The realization and application of the data analysis platform of netizen behavior based on Hive

Research Article
Open access

The realization and application of the data analysis platform of netizen behavior based on Hive

Zihao Zhao 1*
  • 1 Tourism and Culture College of Yunnan University    
  • *corresponding author xxddzzh@outlook.com
Published on 23 October 2023 | https://doi.org/10.54254/2755-2721/13/20230715
ACE Vol.13
ISSN (Print): 2755-273X
ISSN (Online): 2755-2721
ISBN (Print): 978-1-83558-017-2
ISBN (Online): 978-1-83558-018-9

Abstract

With advances in mobile technology and mobile Internet applications, smart mobile devices, such as smartphones and tablets, have become increasingly popular, and the number of Internet users worldwide continues to grow. In the Internet era, the amount of data is growing exponentially and companies must be able to harness the value of the vast amount of data. Data platforms must integrate massive amounts of data collection, storage, computation and analysis to meet these opportunities and challenges. In this study, the log data of Internet users browsing websites are analyzed and the technologies used in the platform are briefly described.

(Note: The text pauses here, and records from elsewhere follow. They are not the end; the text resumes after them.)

definition idem_le :: "('s \<Rightarrow> 's \<Rightarrow> 's) \<Rightarrow> 's \<Rightarrow> 's \<Rightarrow> bool" where
  "idem_le mult e f \<longleftrightarrow> e = mult e f \<and> e = mult f e"

definition uniformly_locally_finite :: "('s \<Rightarrow> 's \<Rightarrow> 's) \<Rightarrow> bool" where
  "uniformly_locally_finite mult \<longleftrightarrow>
     (\<exists>N::nat. \<forall>x\<in>idempotents mult.
        finite {y\<in>idempotents mult. idem_le mult y x} \<and>
        card {y\<in>idempotents mult. idem_le mult y x} \<le> N)"

section \<open>The bidual of l1(S) = dual of l-infinity(S), with the first Arens product\<close>

definition linf :: "('s \<Rightarrow> complex) set" where
  "linf = {f. \<exists>K. \<forall>s. cmod (f s) \<le> K}"

definition linf_norm :: "('s \<Rightarrow> complex) \<Rightarrow> real" where
  "linf_norm f = (SUP s. cmod (f s))"

type_synonym 's bid = "('s \<Rightarrow> complex) \<Rightarrow> complex"

definition bidual :: "'s bid set" where
  "bidual = {m. (\<forall>f\<in>linf. \<forall>g\<in>linf. m (\<lambda>s. f s + g s) = m f + m g) \<and>
               (\<forall>c. \<forall>f\<in>linf. m (\<lambda>s. c * f s) = c * m f) \<and>
               (\<exists>K. \<forall>f\<in>linf. cmod (m f) \<le> K * linf_norm f) \<and>
               (\<forall>f. f \<notin> linf \<longrightarrow> m f = 0)}"

definition bid_norm :: "'s bid \<Rightarrow> real" where
  "bid_norm m = Sup {cmod (m f) | f. f \<in> linf \<and> linf_norm f \<le> 1}"

definition bid_add :: "'s bid \<Rightarrow> 's bid \<Rightarrow> 's bid" where
  "bid_add m n = (\<lambda>f. m f + n f)"

definition bid_scale :: "complex \<Rightarrow> 's bid \<Rightarrow> 's bid" where
  "bid_scale c m = (\<lambda>f. c * m f)"

definition arens :: "('s \<Rightarrow> 's \<Rightarrow> 's) \<Rightarrow> 's bid \<Rightarrow> 's bid \<Rightarrow> 's bid" where
  "arens mult m n = (\<lambda>f. if f \<in> linf then m (\<lambda>s. n (\<lambda>t. f (mult s t))) else 0)"

section \<open>Upper triangular matrix algebra T over l1(S)**; (a,x,b) stands for [[a,x],[0,b]]\<close>

type_synonym 's tri = "'s bid \<times> 's bid \<times> 's bid"

definition T_carrier :: "'s tri set" where
  "T_carrier = bidual \<times> bidual \<times> bidual"

definition T_zero :: "'s tri" where
  "T_zero = ((\<lambda>f. 0), (\<lambda>f. 0), (\<lambda>f. 0))"

definition T_add :: "'s tri \<Rightarrow> 's tri \<Rightarrow> 's tri" where
  "T_add u v = (bid_add (fst u) (fst v), bid_add (fst (snd u)) (fst (snd v)),
                bid_add (snd (snd u)) (snd (snd v)))"

definition T_scale :: "complex \<Rightarrow> 's tri \<Rightarrow> 's tri" where
  "T_scale c u = (bid_scale c (fst u), bid_scale c (fst (snd u)), bid_scale c (snd (snd u)))"

definition T_mult :: "('s \<Rightarrow> 's \<Rightarrow> 's) \<Rightarrow> 's tri \<Rightarrow> 's tri \<Rightarrow> 's tri" where
  "T_mult mult u v =
     (arens mult (fst u) (fst v),
      bid_add (arens mult (fst u) (fst (snd v))) (arens mult (fst (snd u)) (snd (snd v))),
      arens mult (snd (snd u)) (snd (snd v)))"

definition T_norm :: "'s tri \<Rightarrow> real" where
  "T_norm u = bid_norm (fst u) + bid_norm (fst (snd u)) + bid_norm (snd (snd u))"

text \<open>B \<otimes>_p B is modelled by its isometric image in the dual of the space of bounded
  bilinear forms on B (its own dual): the norm closure of the span of elementary tensors.\<close>

definition bil :: "'a set \<Rightarrow> ('a \<Rightarrow> 'a \<Rightarrow> 'a) \<Rightarrow> (complex \<Rightarrow> 'a \<Rightarrow> 'a) \<Rightarrow> ('a \<Rightarrow> real)
                   \<Rightarrow> ('a \<Rightarrow> 'a \<Rightarrow> complex) \<Rightarrow> bool" where
  "bil C p sc nm \<beta> \<longleftrightarrow>
     (\<forall>x\<in>C. \<forall>y\<in>C. \<forall>w\<in>C. \<beta> (p x y) w = \<beta> x w + \<beta> y w \<and> \<beta> w (p x y) = \<beta> w x + \<beta> w y) \<and>
     (\<forall>c. \<forall>x\<in>C. \<forall>y\<in>C. \<beta> (sc c x) y = c * \<beta> x y \<and> \<beta> x (sc c y) = c * \<beta> x y) \<and>
     (\<exists>K. \<forall>x\<in>C. \<forall>y\<in>C. cmod (\<beta> x y) \<le> K * nm x * nm y) \<and>
     (\<forall>x y. x \<notin> C \<or> y \<notin> C \<longrightarrow> \<beta> x y = 0)"

definition bil_norm :: "'a set \<Rightarrow> ('a \<Rightarrow> real) \<Rightarrow> ('a \<Rightarrow> 'a \<Rightarrow> complex) \<Rightarrow> real" where
  "bil_norm C nm \<beta> = Sup {cmod (\<beta> x y) | x y. x \<in> C \<and> y \<in> C \<and> nm x \<le> 1 \<and> nm y \<le> 1}"

type_synonym 'a tens = "('a \<Rightarrow> 'a \<Rightarrow> complex) \<Rightarrow> complex"

text \<open>Value of the algebraic tensor sum_i x_i \<otimes> y_i at a bilinear form.\<close>
definition tsum :: "('a \<times> 'a) list \<Rightarrow> 'a tens" where
  "tsum L = (\<lambda>\<beta>. sum_list (map (\<lambda>(x, y). \<beta> x y) L))"
(* Let $\alpha>2$, $\phi_1>0$, $\theta>0$, $\mu\in[0,1]$ and $a_1,a_2>0$. Let $h,h_1,h_2$ be i.i.d. exponential random variables with unit mean, independent of a nonnegative random variable $I_{o,1}$ whose Laplace transform is $$\mathcal{L}_{I_{o,1}}(s)=\mathbb{E}\big[e^{-sI_{o,1}}\big]=\exp\!\Big(-\phi_1\,\Gamma\big(1+\tfrac{2}{\alpha}\big)\Gamma\big(1-\tfrac{2}{\alpha}\big)\,s^{2/\alpha}\Big),\quad s\ge 0.$$ Define $$\mathrm{SIR}^r_{1,1}=\frac{h}{I_{o,1}},\qquad \mathrm{SIR}^r_{1,2}=\frac{a_1\max(h_1,h_2)}{I_{o,1}+a_2\min(h_1,h_2)},\qquad \mathrm{SIR}^r_{2,2}=\frac{a_2\min(h_1,h_2)}{I_{o,1}+\mu a_1\max(h_1,h_2)},$$ and $p^r_{j,u}=\Pr(\mathrm{SIR}^r_{j,u}>\theta)$. Then $$p^r_{1,1}=\mathcal{L}_{I_{o,1}}(\theta),$$ $$p^r_{1,2}=\begin{cases}\dfrac{2a_1}{a_1+\theta a_2}\mathcal{L}_{I_{o,1}}\big(\tfrac{\theta}{a_1}\big)-\dfrac{a_1-\theta a_2}{a_1+\theta a_2}\mathcal{L}_{I_{o,1}}\Big(\dfrac{2\theta}{a_1-\theta a_2}\Big), & \text{if } 0\le \tfrac{\theta a_2}{a_1}<1,\\[2mm] \dfrac{2a_1}{a_1+\theta a_2}\mathcal{L}_{I_{o,1}}\big(\tfrac{\theta}{a_1}\big), & \text{if } \tfrac{\theta a_2}{a_1}\ge 1,\end{cases}$$ $$p^r_{2,2}=\begin{cases}\dfrac{a_2-\theta\mu a_1}{a_2+\theta\mu a_1}\mathcal{L}_{I_{o,1}}\Big(\dfrac{2\theta}{a_2-\theta\mu a_1}\Big), & \text{if } 0\le \tfrac{\theta\mu a_1}{a_2}<1,\\[2mm] 0, & \text{if } \tfrac{\theta\mu a_1}{a_2}\ge 1.\end{cases}$$
   Context: Model: in an interference-limited uplink, machine-type devices (MTDs) transmit to an aggregator over orthogonal channels; under random resource scheduling (RRS) at most two MTDs share a channel. $h$ is the channel power gain of an MTD alone on its channel; $h_1,h_2$ are the channel power gains of two MTDs sharing a channel, decoded by successive interference cancellation (stronger first), with power coefficients $a_1,a_2$ (in the paper $a_1+a_2=\delta$ is fixed); $\mu$ models residual interference from imperfect cancellation; $I_{o,1}$ is the normalized interference from outside the aggregation area. $p^r_{j,u}$ is the success probability of the $j$-th decoded MTD on a channel occupied by $u$ MTDs. *)

theory Defs
  imports "HOL-Probability.Probability"
begin

definition LI :: "real \<Rightarrow> real \<Rightarrow> real \<Rightarrow> real" where
  "LI \<alpha> \<phi>1 s = exp (- \<phi>1 * Gamma (1 + 2 / \<alpha>) * Gamma (1 - 2 / \<alpha>) * s powr (2 / \<alpha>))"

end

theory Submission
  imports Defs "HOL-Real_Asymp.Real_Asymp"
begin

text \<open>
  Given the interference \<open>I = i\<close>, each success event is an event about the unit exponential
  gains alone, and its probability is a combination of terms \<open>c * exp (- s * i)\<close>; averaging
  over the independent \<open>I\<close> replaces each \<open>exp (- s * i)\<close> by the Laplace transform value \<open>L s\<close>.
  For two i.i.d. unit exponentials \<open>(x, y)\<close>, the events \<open>max > c + b * min\<close> and
  \<open>min > c + b * max\<close> are by the symmetry \<open>x \<leftrightarrow> y\<close> twice their part on one side of the
  diagonal, and these parts are differences of regions \<open>{x > c + b * y, y > t}\<close>, whose
  probability \<open>exp (- c - (1 + b) * t) / (1 + b)\<close> is elementary. For \<open>b < 1\<close> the line
  \<open>x = c + b * y\<close> crosses the diagonal at \<open>y = c / (1 - b)\<close>; this is where the second
  exponential \<open>exp (- 2 * c / (1 - b))\<close> comes from.
\<close>

section \<open>Conditioning on an independent random variable\<close>

lemma distr_borel_eq_density:
  assumes "distributed M lborel X f"
  shows "distr M borel X = density lborel f"
proof -
  have "distr M borel X = distr M lborel X"
    by (rule distr_cong) auto
  also have "\<dots> = density lborel f"
    using distributed_distr_eq_density[OF assms] .
  finally show ?thesis .
qed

Finally, a draft platform for analyzing offline Internet user behavior data is proposed, taking into account the current common needs of different industries, while incorporating some innovations. Three modules are designed and implemented: data collection, data warehouse and data visualization. The user's data is mainly collected by the data collection module. The data warehouse is mainly responsible for cleaning, modeling and analyzing the data. As part of the data visualization module, the result data from the ADS layer is used as a template to create tables in MySQL, export the results to MySQL periodically using the Sqoop tool, and visualize the data using the data visualization tool. With Flume, Kafka and Sqoop, HDFS is used as the data storage framework, Hive is used as the storage tool, and Spark is used as the Hive computation engine to build the platform in a large context to analyze Internet user behavior.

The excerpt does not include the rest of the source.